大阪公立大学の井原康貴大学院生らのグループは、肺がん患者のデータから2つの治療法と生存期間の関係に対する肥満度を示す「ボディマス指数」(BMI)の影響を検証している。肥満の患者は BMI が低い患者に比べ死亡リスクが小さいことが明らかになっている。
肥満は糖尿病などの生活習慣病および非小細胞がんなどの発症リスク上昇と関連することが報告されている。一方で、抗がん剤による化学療法を受けた患者の生存率は、正常体重の人と比べて高いことが分かっている。これは「肥満のパラドックス」として知られており、従来の抗がん剤と免疫療法のどちらが肥満がん患者の生存率を改善するのか評価した。
研究では医療系IT企業「MDV」が提供する診療報酬に関するデータを用いた。データベースには3800万人の患者が登録されている。
データから免疫療法または従来の抗がん剤を受けた進行性非小細胞肺がん(進行性NSCLC)患者のBMIと死亡リスクを解析した結果、肥満の患者はBMIが低い患者よりも死亡リスクが低いことが示された。これは、進行性NSCLC患者に肥満パラドックスが存在することを示唆している。
また、免疫療法を受けた進行性NSCLC患者におけるBMIと死亡率の関係から、免疫療法を受けたBMI 28kg/m2未満の患者は、従来の抗がん剤を受けた患者と比較して死亡率が有意に低いと分かった。

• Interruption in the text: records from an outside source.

(* Let there be $H$ layers; at each layer $h\in\{1,\dots,H\}$ observed data $x_1^{(h)},\dots,x_N^{(h)}$ are modeled by a $K$-component mixture $p(x_n^{(h)}\mid\mathbf{p}_n^{(h)};\mathbf{a}^{(h)})=\sum_{k=1}^K p^{(h)}_{n,k}\pi^{(h)}_k(x^{(h)}_n;a^{(h)}_k)$ with mixing probabilities $\mathbf{p}_n^{(h)}\in\Delta^K$, completed by latent classes $C_n^{(h)}\in\{1,\dots,K\}$ and Dirichlet prior parameters $\mathbf{B}_n^{(h)}\in\mathbb{R}^K$, with completed log-posterior for layer $h$ $$\ell^{(h)}=\sum_{n=1}^N\ln\mathrm{Dir}(\mathbf{p}^{(h)}_n\mid\mathbf{B}^{(h)}_n)+\sum_{n=1}^N\sum_{k=1}^K\delta_k^{C^{(h)}_n}\big[\ln p^{(h)}_{n,k}+\ln\pi^{(h)}_k(x^{(h)}_n;a^{(h)}_k)\big],$$ where $\mathrm{Dir}(\mathbf{p}\mid\mathbf{b})=\frac{\Gamma(\sum_k b_k)}{\prod_k\Gamma(b_k)}\prod_k p_k^{b_k-1}$. For all $(n,k,h)$, let $f^{(h)}_{n,k}:\mathbb{R}^{NH}\to\mathbb{R}$ be any linear function such that $f^{(h)}_{n,k}([0,+\infty[^{NH})\subset\mathbb{R}_+$, and set $$\mathbf{B}^{(h)}_n=\Big(f^{(h)}_{n,1}\big(\delta_1^{C^{(1)}_\cdot},\dots,\delta_1^{C^{(H)}_\cdot}\big)-\delta_1^{C^{(h)}_n}+1,\ \dots,\ f^{(h)}_{n,K}\big(\delta_K^{C^{(1)}_\cdot},\dots,\delta_K^{C^{(H)}_\cdot}\big)-\delta_K^{C^{(h)}_n}+1\Big),$$ where $\delta_k^{C^{(h)}_\cdot}=(\delta_k^{C^{(h)}_1},\dots,\delta_k^{C^{(h)}_N})$. Then, in the EM algorithm (E-step: conditional expectation of $\ell^{(h)}$ given all data $((x^{(h')}_n)_n)_{h'}$ and previous estimates $(\boldsymbol\theta^{(t,h')})_{h'}$; M-step: maximization subject to $\mathbf{p}^{(h)}_n\in\Delta^K$), the mixing probability updates of layer $h$ are, for all $(n,k,h)$, $$p^{(t+1,h)}_{n,k}=\frac{f^{(h)}_{n,k}(\tau^{(t,1)}_{\cdot,k},\dots,\tau^{(t,H)}_{\cdot,k})}{\sum_{k'=1}^K f^{(h)}_{n,k'}(\tau^{(t,1)}_{\cdot,k'},\dots,\tau^{(t,H)}_{\cdot,k'})},$$ where $\tau^{(t,h)}_{n,k}=P(C^{(h)}_n=k\mid x^{(h)}_n,\boldsymbol\theta^{(t,h)})$ is the posterior probability of component $k$ for sample $x^{(h)}_n$ at the previous E-step, $\boldsymbol\theta^{(t,h)}$ is the previous parameter estimate at layer $h$, and $\tau^{(t,h)}_{\cdot,k}=(\tau^{(t,h)}_{1,k},\dots,\tau^{(t,h)}_{N,k})$.
   Context: $\Delta^K$ denotes the $K$-dimensional probability simplex; $\delta_i^j$ is the Kronecker symbol; $\boldsymbol\theta^{(h)}=((\mathbf{p}^{(h)}_n)_n,\mathbf{a}^{(h)})$ are the parameters of layer $h$. The classes of different layers are treated as conditionally independent given the data and previous parameters, with $\tau^{(t,h)}_{n,k}=p^{(t,h)}_{n,k}\pi^{(h)}_k(x^{(h)}_n;a^{(t,h)}_k)/\sum_j p^{(t,h)}_{n,j}\pi^{(h)}_j(x^{(h)}_n;a^{(t,h)}_j)$. *)

theory Defs
  imports "HOL-Analysis.Analysis"
begin
lemma sum_group_by_index:
  fixes k :: "'a \<Rightarrow> nat" and g :: "nat \<Rightarrow> int"
  assumes "finite Y" "k ` Y \<subseteq> {..<N}"
  shows "(\<Sum>p\<in>Y. g (k p)) = (\<Sum>a<N. int (card {p\<in>Y. k p = a}) * g a)"
proof -
  have "(\<Sum>p\<in>Y. g (k p)) = (\<Sum>a<N. \<Sum>p\<in>{p\<in>Y. k p = a}. g (k p))"
    using sum.group[OF assms(1) _ assms(2), of "\<lambda>p. g (k p)"] by simp
  also have "\<dots> = (\<Sum>a<N. int (card {p\<in>Y. k p = a}) * g a)"
    by (intro sum.cong refl) simp
  finally show ?thesis .
qed

(* The diagonal mass of V V^* (1 - s1)(1 - s2) for the character V of a set of boxes with contents c. *)
definition level_pairing :: "('a \<Rightarrow> int) \<Rightarrow> 'a set \<Rightarrow> int" where
  "level_pairing c Y = (\<Sum>p\<in>Y. \<Sum>p'\<in>Y.
     2 * of_bool (c p = c p') - of_bool (c p = c p' + 1) - of_bool (c p' = c p + 1))"

lemma level_pairing_eq:
  assumes "finite Y"
  shows "level_pairing c Y
     = 2 * (\<Sum>p\<in>Y. int (card {p'\<in>Y. c p' = c p})) - 2 * (\<Sum>p\<in>Y. int (card {p'\<in>Y. c p' = c p + 1}))"
proof -
  have count: "(\<Sum>p'\<in>Y. of_bool (c p' = v)) = int (card {p'\<in>Y. c p' = v})" for v
    using assms by (simp add: Int_def)
  have "level_pairing c Y = 2 * (\<Sum>p\<in>Y. \<Sum>p'\<in>Y. of_bool (c p = c p'))
      - (\<Sum>p\<in>Y. \<Sum>p'\<in>Y. of_bool (c p = c p' + 1)) - (\<Sum>p\<in>Y. \<Sum>p'\<in>Y. of_bool (c p' = c p + 1))"
    unfolding level_pairing_def by (simp add: sum_subtractf sum_distrib_left del: sum_of_bool_eq)
  also have "(\<Sum>p\<in>Y. \<Sum>p'\<in>Y. of_bool (c p = c p')) = (\<Sum>p\<in>Y. \<Sum>p'\<in>Y. of_bool (c p' = c p) :: int)"
    by (simp only: eq_commute)
  also have "(\<Sum>p\<in>Y. \<Sum>p'\<in>Y. of_bool (c p = c p' + 1)) = (\<Sum>p\<in>Y. \<Sum>p'\<in>Y. of_bool (c p' = c p + 1) :: int)"
    by (rule sum.swap)
  finally show ?thesis
    unfolding count by simp
qed

lemma level_pairing_eq_sum_power2_diff:
  fixes c :: "'a \<Rightarrow> int"
  assumes "finite Y" "\<forall>p\<in>Y. lo < c p \<and> c p < lo + int N"
  defines "n \<equiv> \<lambda>a. int (card {p\<in>Y. c p = lo + int a})"
  shows "level_pairing c Y = (\<Sum>a<N. (n a - n (Suc a))\<^sup>2)"
proof -
  define k where "k p = nat (c p - lo)" for p
  have k_iff: "k p = a \<longleftrightarrow> c p = lo + int a" if "p \<in> Y" for p a
    using assms(2) that by (auto simp: k_def)
  have k_range: "k ` Y \<subseteq> {..<N}"
    using assms(2) by (force simp: k_def)
  have count_k: "int (card {p\<in>Y. k p = a}) = n a" for a
    unfolding n_def using k_iff by (metis (lifting))
  have group: "(\<Sum>p\<in>Y. g (c p)) = (\<Sum>a<N. n a * g (lo + int a))" for g
  proof -
    have "(\<Sum>p\<in>Y. g (c p)) = (\<Sum>p\<in>Y. g (lo + int (k p)))"
      using k_iff by (intro sum.cong refl) metis
    then show ?thesis
      using sum_group_by_index[OF assms(1) k_range, of "\<lambda>a. g (lo + int a)"] by (simp add: count_k)
  qed
  have "{p\<in>Y. c p = lo + int 0} = {}" "{p\<in>Y. c p = lo + int N} = {}"
    using assms(2) by fastforce+
  then have "n 0 = 0" "n N = 0"
    unfolding n_def by (simp_all only: card.empty of_nat_0)
  then have "(\<Sum>a<N. (n a - n (Suc a))\<^sup>2) = 2 * (\<Sum>a<N. n a * n a) - 2 * (\<Sum>a<N. n a * n (Suc a))"
    by (rule sum_power2_diff_eq)
  also have "\<dots> = level_pairing c Y"
    using group[of "\<lambda>v. int (card {p'\<in>Y. c p' = v})"] group[of "\<lambda>v. int (card {p'\<in>Y. c p' = v + 1})"]
    by (simp add: level_pairing_eq[OF assms(1)] n_def algebra_simps)
  finally show ?thesis
    by simp
qed

lemma two_card_level_zero_le_level_pairing:
  fixes c :: "'a \<Rightarrow> int"
  assumes "finite Y"
  shows "2 * int (card {p\<in>Y. c p = 0}) \<le> level_pairing c Y"
proof -
  define B where "B = (\<Sum>p\<in>Y. \<bar>c p\<bar>)"
  have bound: "\<bar>c p\<bar> \<le> B" if "p \<in> Y" for p
    unfolding B_def using assms that by (intro member_le_sum) auto
  have "0 \<le> B"
    unfolding B_def by (simp add: sum_nonneg)
  define n where "n a = int (card {p\<in>Y. c p = - B - 1 + int a})" for a
  have range: "\<forall>p\<in>Y. - B - 1 < c p \<and> c p < - B - 1 + int (nat (2 * B + 2))"
    using bound \<open>0 \<le> B\<close> by force
  have "{p\<in>Y. c p = - B - 1 + int 0} = {}" "{p\<in>Y. c p = - B - 1 + int (nat (2 * B + 2))} = {}"
    using range by fastforce+
  then have "n 0 = 0" "n (nat (2 * B + 2)) = 0"
    unfolding n_def by (simp_all only: card.empty of_nat_0)
  then have "2 * \<bar>n (nat (B + 1))\<bar> \<le> (\<Sum>a<nat (2 * B + 2). (n a - n (Suc a))\<^sup>2)"
    by (rule two_abs_le_sum_power2_diff) (use \<open>0 \<le> B\<close> in simp)
  also have "\<dots> = level_pairing c Y"
    unfolding n_def using range by (rule level_pairing_eq_sum_power2_diff[OF assms, symmetric])
  also have "n (nat (B + 1)) = int (card {p\<in>Y. c p = 0})"
    using \<open>0 \<le> B\<close> by (simp add: n_def)
  finally show ?thesis
    by simp
qed

lemma young_origin: "young Y \<Longrightarrow> Y \<noteq> {} \<Longrightarrow> (0, 0) \<in> Y"
  unfolding young_def by fastforce

lemma young_subset_square:
  assumes "young Y" "card Y \<le> n"
  shows "Y \<subseteq> {..<n} \<times> {..<n}"
proof
  fix p assume "p \<in> Y"
  then obtain i j where p: "p = (i, j)" "(i, j) \<in> Y"
    by (cases p) auto
  have "{..i} \<times> {..j} \<subseteq> Y"
    using assms(1) p(2) unfolding young_def by blast
  then have "card ({..i} \<times> {..j}) \<le> card Y"
    using assms(1) by (intro card_mono) (auto simp: young_def)
  then have "Suc i * Suc j \<le> n"
    using assms(2) by (simp add: card_cartesian_product)
  moreover have "Suc i \<le> Suc i * Suc j" "Suc j \<le> Suc i * Suc j"
    by simp_all
  ultimately show "p \<in> {..<n} \<times> {..<n}"
    unfolding p by simp
qed

lemma finite_fixed_points: "finite (fixed_points M1 M2)"
proof -
  let ?B1 = "{..<M1} \<times> {..<M1}" and ?B2 = "{..<M2} \<times> {..<M2}"
  let ?F = "{f. \<forall>x. (x \<in> ?B1 \<longrightarrow> f x \<in> Pow ?B2) \<and> (x \<notin> ?B1 \<longrightarrow> f x = {})}"
  have "fixed_points M1 M2 \<subseteq> Pow ?B1 \<times> Pow ?B2 \<times> ?F"
  proof
    fix p assume "p \<in> fixed_points M1 M2"
    moreover obtain Y1 Y0 Y2 where p: "p = (Y1, Y0, Y2)"
      by (cases p)
    ultimately have Y: "young Y1" "card Y1 = M1" "young Y0" "\<forall>x\<in>Y1. young (Y2 x)" "\<forall>x. x \<notin> Y1 \<longrightarrow> Y2 x = {}"
      "card Y0 + (\<Sum>x\<in>Y1. card (Y2 x)) = M2"
      by (auto simp: fixed_points_def)
    have Y1: "Y1 \<subseteq> ?B1"
      using Y by (simp add: young_subset_square)
    have Y2: "Y2 x \<subseteq> ?B2" if "x \<in> Y1" for x
    proof -
      have "card (Y2 x) \<le> (\<Sum>x\<in>Y1. card (Y2 x))"
        using Y(1) that by (intro member_le_sum) (auto simp: young_def)
      then show ?thesis
        using Y that by (intro young_subset_square) auto
    qed
    have "Y2 \<in> ?F"
    proof (intro CollectI allI conjI impI)
      fix x assume "x \<in> ?B1"
      show "Y2 x \<in> Pow ?B2"
        using Y2 by (cases "x \<in> Y1") (simp_all add: Y(5))
    next
      fix x assume "x \<notin> ?B1"
      then show "Y2 x = {}"
        using Y1 Y(5) by blast
    qed
    moreover have "Y0 \<subseteq> ?B2"
      using Y by (intro young_subset_square) auto
    ultimately show "p \<in> Pow ?B1 \<times> Pow ?B2 \<times> ?F"
      using Y1 p by simp
  qed
  moreover have "finite (Pow ?B1 \<times> Pow ?B2 \<times> ?F)"
    by (intro finite_cartesian_product finite_Pow_iff[THEN iffD2] finite_set_of_finite_funs) auto
  ultimately show ?thesis
    by (rule finite_subset)
qed

section \<open>The diagonal mass of the virtual tangent space\<close>

definition diag_monos :: "mono set" where
  "diag_monos = {(0, 0, c, c, 0) | c. True}"

lemma mem_diag_monos [simp]: "(a, b, c, d, e) \<in> diag_monos \<longleftrightarrow> a = 0 \<and> b = 0 \<and> c = d \<and> e = 0"
  by (auto simp: diag_monos_def)

definition r_weight :: "nat \<times> nat \<Rightarrow> mono" where
  "r_weight = (\<lambda>(i, j). (- int i, - int j, 0, 0, 0))"
lemma mpow_add:
  fixes M :: "('d::finite) smat"
  assumes "order_upper M"
  shows "mpow M (m + n) = mmult (mpow M m) (mpow M n)"
proof (induction m)
  case 0
  then show ?case by (simp add: mpow_0)
next
  case (Suc m)
  have "mpow M (Suc m + n) = mmult M (mmult (mpow M m) (mpow M n))"
    using Suc by (simp add: mpow_Suc)
  also have "\<dots> = mmult (mmult M (mpow M m)) (mpow M n)"
    using assms by (simp add: mmult_assoc_col_finite order_upper_col_finite order_upper_mpow)
  finally show ?case by (simp add: mpow_Suc)
qed

lemma mpow_uminus: "mpow (- M) k = (\<lambda>\<beta> \<gamma>. (-1)^k * mpow M k \<beta> \<gamma>)"
proof (induction k)
  case 0
  then show ?case by (simp add: mpow_0)
next
  case (Suc k)
  show ?case
  proof (intro ext)
    fix \<beta> \<gamma>
    have "mpow (- M) (Suc k) \<beta> \<gamma> = (\<Sum>\<^sub>\<infinity>\<delta>. (-1)^(Suc k) * (M \<beta> \<delta> * mpow M k \<delta> \<gamma>))"
      unfolding mpow_Suc Suc mmult_def by (intro infsum_cong) simp
    also have "\<dots> = (-1)^(Suc k) * mpow M (Suc k) \<beta> \<gamma>"
      unfolding mpow_Suc mmult_def by (rule infsum_cmult_right')
    finally show "mpow (- M) (Suc k) \<beta> \<gamma> = (-1)^(Suc k) * mpow M (Suc k) \<beta> \<gamma>" .
  qed
qed

text \<open>A column of an \<open>order_upper\<close> matrix meets only the finitely many indices below it,
  so the entries of its powers grow at most geometrically.\<close>
lemma mpow_norm_bound:
  fixes M :: "('d::finite) smat"
  assumes M: "order_upper M"
  obtains C where "C \<ge> 0" "\<And>n \<beta>. norm (mpow M n \<beta> \<gamma>) \<le> C ^ n"
proof -
  define K where "K = {\<delta>::'d midx. \<delta> \<le> \<gamma>}"
  have K: "finite K" unfolding K_def by (rule finite_midx_le)
  define C where "C = (\<Sum>\<delta>\<in>K. \<Sum>\<epsilon>\<in>K. norm (M \<delta> \<epsilon>))"
  have "C \<ge> 0" unfolding C_def by (intro sum_nonneg) auto
  have row_bound: "(\<Sum>\<epsilon>\<in>K. norm (M \<delta> \<epsilon>)) \<le> C" if "\<delta> \<in> K" for \<delta>
    unfolding C_def by (rule member_le_sum[OF that _ K]) (auto intro: sum_nonneg)
  have "norm (mpow M n \<beta> \<gamma>) \<le> C ^ n" for n \<beta>
  proof (induction n arbitrary: \<beta>)
    case 0
    then show ?case by (simp add: mpow_0 mone_def)
  next
    case (Suc n)
    show ?case
    proof (cases "\<beta> \<in> K")
      case False
      then have "mpow M (Suc n) \<beta> \<gamma> = 0"
        using order_upper_mpow[OF M, of "Suc n"] by (auto simp: order_upper_def K_def)
      then show ?thesis using \<open>C \<ge> 0\<close> by simp
    next
      case True
      have "mpow M (Suc n) \<beta> \<gamma> = (\<Sum>\<epsilon>\<in>K. M \<beta> \<epsilon> * mpow M n \<epsilon> \<gamma>)"
        unfolding mpow_Suc K_def by (rule mmult_order_upper_eq_sum[OF order_upper_mpow[OF M]])
      then have "norm (mpow M (Suc n) \<beta> \<gamma>) \<le> (\<Sum>\<epsilon>\<in>K. norm (M \<beta> \<epsilon>) * norm (mpow M n \<epsilon> \<gamma>))"
        by (simp add: sum_norm_le norm_mult)
      also have "\<dots> \<le> (\<Sum>\<epsilon>\<in>K. norm (M \<beta> \<epsilon>)) * C ^ n"
        unfolding sum_distrib_right using Suc by (intro sum_mono mult_left_mono) auto
      also have "\<dots> \<le> C * C ^ n"
        using row_bound[OF True] \<open>C \<ge> 0\<close> by (intro mult_right_mono) auto
      finally show ?thesis by simp
    qed
  qed
  with \<open>C \<ge> 0\<close> show ?thesis using that by blast
qed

さらに、この相関関係はBMI 28kg/m2以上の患者では観察されず、肥満がん患者では免疫療法の効果が不十分となる可能性を示唆する基礎研究を支持する結果となった。
グループは「肥満の進行性NSCLC 患者にとって免疫療法が必ずしも最適な第一選択療法とは限らず、従来の抗がん剤の使用も考慮すべきである」とまとめている。